Price Controls and Market Distortions

Overview

  • Price controls affect the signaling and incentive functions of prices.
  • They cause market distortions, misallocation, and shortages.

Laws Against Price Gouging

  • Common after natural disasters (e.g., hurricanes).
  • Governments often ban unconscionable price increases.
  • Demand for essential goods spikes (ice, food, generators, gasoline).

Market Dynamics Pre- and Post-Disaster

  • Before Hurricane:
    • Demand curve D0, supply curve, equilibrium at quantity Q0 and price P0.
  • After Hurricane:
    • Demand increases to D1.
    • In a free market, prices increase (to P1), signaling suppliers to bring in more goods.
    • Equilibrium quantity would shift to Q1.

Impact of Price Controls

  • Price Ceiling: Government sets ceiling at P0.
    • Quantity demanded increases to Q2.
    • Suppliers supply only Q0 due to inability to cover costs.
    • Results in a shortage: Q2 - Q0.
    • Misallocation occurs: Generators may not reach those with highest willingness to pay.

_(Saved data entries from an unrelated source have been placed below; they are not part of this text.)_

lemma three_dicritical_no_transitive_triangle_at_digons:
  assumes crit: "three_dicritical V A"
    and spokes: "(v, p) \<in> A" "(p, v) \<in> A" "(v, q) \<in> A" "(q, v) \<in> A" "(v, r) \<in> A"
    and triangle: "(p, q) \<in> A" "(q, r) \<in> A" "(p, r) \<in> A"
  shows False
proof -
  obtain c where c: "two_dicolouring V (A - {(p, r)}) c" and "c p = c r"
    and return_path: "(r, p) \<in> ((A - {(p, r)}) \<inter> ({u \<in> V. c u = c p} \<times> {u \<in> V. c u = c p}))\<^sup>*"
    using three_dicritical_arc_deletion[OF crit triangle(3)] by blast
  have in_V: "v \<in> V" "p \<in> V" "q \<in> V" "r \<in> V"
    using spokes triangle three_dicritical_arcs_subset[OF crit] by blast+
  have "v \<noteq> p" "v \<noteq> r" using spokes three_dicritical_loopless[OF crit] by metis+
  have "c v \<noteq> c p"
    by (rule two_dicolouring_digon[OF c in_V(1,2)]) (use spokes \<open>v \<noteq> p\<close> \<open>v \<noteq> r\<close> in auto)
  moreover have "c v \<noteq> c q"
    by (rule two_dicolouring_digon[OF c in_V(1,3)]) (use spokes \<open>v \<noteq> p\<close> \<open>v \<noteq> r\<close> in auto)
  moreover have "c v \<in> {1, 2}" "c p \<in> {1, 2}" "c q \<in> {1, 2}"
    using c in_V unfolding two_dicolouring_def by auto
  ultimately have "c q = c p" by auto
  define R where "R = (A - {(p, r)}) \<inter> ({u \<in> V. c u = c p} \<times> {u \<in> V. c u = c p})"
  have "(p, q) \<in> R" "(q, r) \<in> R"
    using triangle in_V \<open>c q = c p\<close> \<open>c p = c r\<close> three_dicritical_loopless[OF crit]
    unfolding R_def by auto
  then have "(p, p) \<in> R\<^sup>+"
    using return_path unfolding R_def[symmetric]
    by (meson r_into_trancl' trancl_into_trancl trancl_rtrancl_trancl)
  with two_dicolouring_acyclic_class[OF c in_V(2)] show False
    unfolding acyclic_def R_def by blast
qed
(* Let $X_1,\ldots,X_n$ be non-empty sets, $\Omega=X_1\times\cdots\times X_n$, and let $S\subset\Omega$ be a good set with related components $\{R_\alpha\}$. For each $i$, let $E_i$ be the equivalence relation on $\Pi_iS$ defined by: $x_iE_iy_i$ iff there is a finite sequence of related components $R_1,\ldots,R_m$ of $S$ with $x_i\in\Pi_iR_1$, $y_i\in\Pi_iR_m$ and $\Pi_iR_j\cap\Pi_iR_{j+1}\neq\emptyset$ for $1\le j\le m-1$. Let $[x_i]$ denote the $E_i$-class of $x_i$ and $\mathcal F_i$ the set of $E_i$-classes. Let $C\subset S$ be a cross-section of the related components (i.e. $C$ contains exactly one point of each $R_\alpha$), and define $\phi:C\to\mathcal F_1\times\cdots\times\mathcal F_n$ by $\phi(x_1,\ldots,x_n)=([x_1],\ldots,[x_n])$. Then $\phi(C)$ is a good subset of $\mathcal F_1\times\cdots\times\mathcal F_n$, and $S$ is full if and only if $\phi(C)$ is full.
   Context: For a product $Y_1\times\cdots\times Y_n$ of non-empty sets, $\Pi_i$ denotes the canonical projection onto $Y_i$. A subset $T$ of such a product is good if every complex-valued function $f$ on $T$ can be written as $f(y_1,\ldots,y_n)=u_1(y_1)+\cdots+u_n(y_n)$ on $T$ for suitable complex-valued functions $u_i$ on $Y_i$. $T$ is full if it is a maximal good subset of $\Pi_1T\times\cdots\times\Pi_nT$. For a good set $S$, two points of $S$ are related if some finite full subset of $S$ contains both; this is an equivalence relation whose classes are the related components of $S$. *)

theory Defs
  imports Complex_Main "HOL-Library.FuncSet"
begin

text \<open>Points of X_1 x ... x X_n are extensional functions on {..<n} (PiE {..<n} X).\<close>

definition proj :: "nat \<Rightarrow> (nat \<Rightarrow> 'a) set \<Rightarrow> 'a set" where
  "proj i T = (\<lambda>t. t i) ` T"

definition good :: "nat \<Rightarrow> (nat \<Rightarrow> 'a) set \<Rightarrow> bool" where
  "good n T \<longleftrightarrow> (\<forall>f :: (nat \<Rightarrow> 'a) \<Rightarrow> complex. \<exists>u :: nat \<Rightarrow> 'a \<Rightarrow> complex.
      \<forall>t\<in>T. f t = (\<Sum>i<n. u i (t i)))"

definition full :: "nat \<Rightarrow> (nat \<Rightarrow> 'a) set \<Rightarrow> bool" where
  "full n T \<longleftrightarrow> T \<subseteq> PiE {..<n} (\<lambda>i. proj i T) \<and> good n T \<and>
     (\<forall>T'. T \<subseteq> T' \<and> T' \<subseteq> PiE {..<n} (\<lambda>i. proj i T) \<and> good n T' \<longrightarrow> T' = T)"

definition related :: "nat \<Rightarrow> (nat \<Rightarrow> 'a) set \<Rightarrow> (nat \<Rightarrow> 'a) \<Rightarrow> (nat \<Rightarrow> 'a) \<Rightarrow> bool" where
  "related n S x y \<longleftrightarrow> (\<exists>F. finite F \<and> F \<subseteq> S \<and> full n F \<and> x \<in> F \<and> y \<in> F)"

definition rel_components :: "nat \<Rightarrow> (nat \<Rightarrow> 'a) set \<Rightarrow> (nat \<Rightarrow> 'a) set set" where
  "rel_components n S = S // {(x, y). related n S x y}"

definition Erel :: "nat \<Rightarrow> (nat \<Rightarrow> 'a) set \<Rightarrow> nat \<Rightarrow> 'a \<Rightarrow> 'a \<Rightarrow> bool" where
  "Erel n S i x y \<longleftrightarrow> x \<in> proj i S \<and> y \<in> proj i S \<and>
     (\<exists>Rs. Rs \<noteq> [] \<and> set Rs \<subseteq> rel_components n S \<and>
        x \<in> proj i (hd Rs) \<and> y \<in> proj i (last Rs) \<and>
        (\<forall>j. Suc j < length Rs \<longrightarrow> proj i (Rs ! j) \<inter> proj i (Rs ! Suc j) \<noteq> {}))"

Consequences of Price Ceilings

  • Overconsumption and under-provision lead to shortages.
  • Deadweight loss.
  • Misallocation of resources.

Examples of Price Control Issues

  • Transportation: On busy nights (e.g., Saturday), unadjusted prices lead to ride shortages.
    • Increased demand with fixed prices results in cab shortages.
    • Misallocation: those less in need might get rides, while others willing to pay more cannot.
  • Free Parking:
    • Price ceiling of zero leads to high demand.
    • People pay with their time searching for spots.
    • Misallocation: those with lesser need might get spots over those with higher willingness to pay.

Conclusion

  • Price controls are a blunt instrument causing misallocation, long lines, and black markets.
  • They prevent productive exchanges at market-determined prices.
  • Often used because they appear to be an easy solution to managing high prices.
  • May reflect a lack of understanding or disregard for microeconomic principles by policymakers.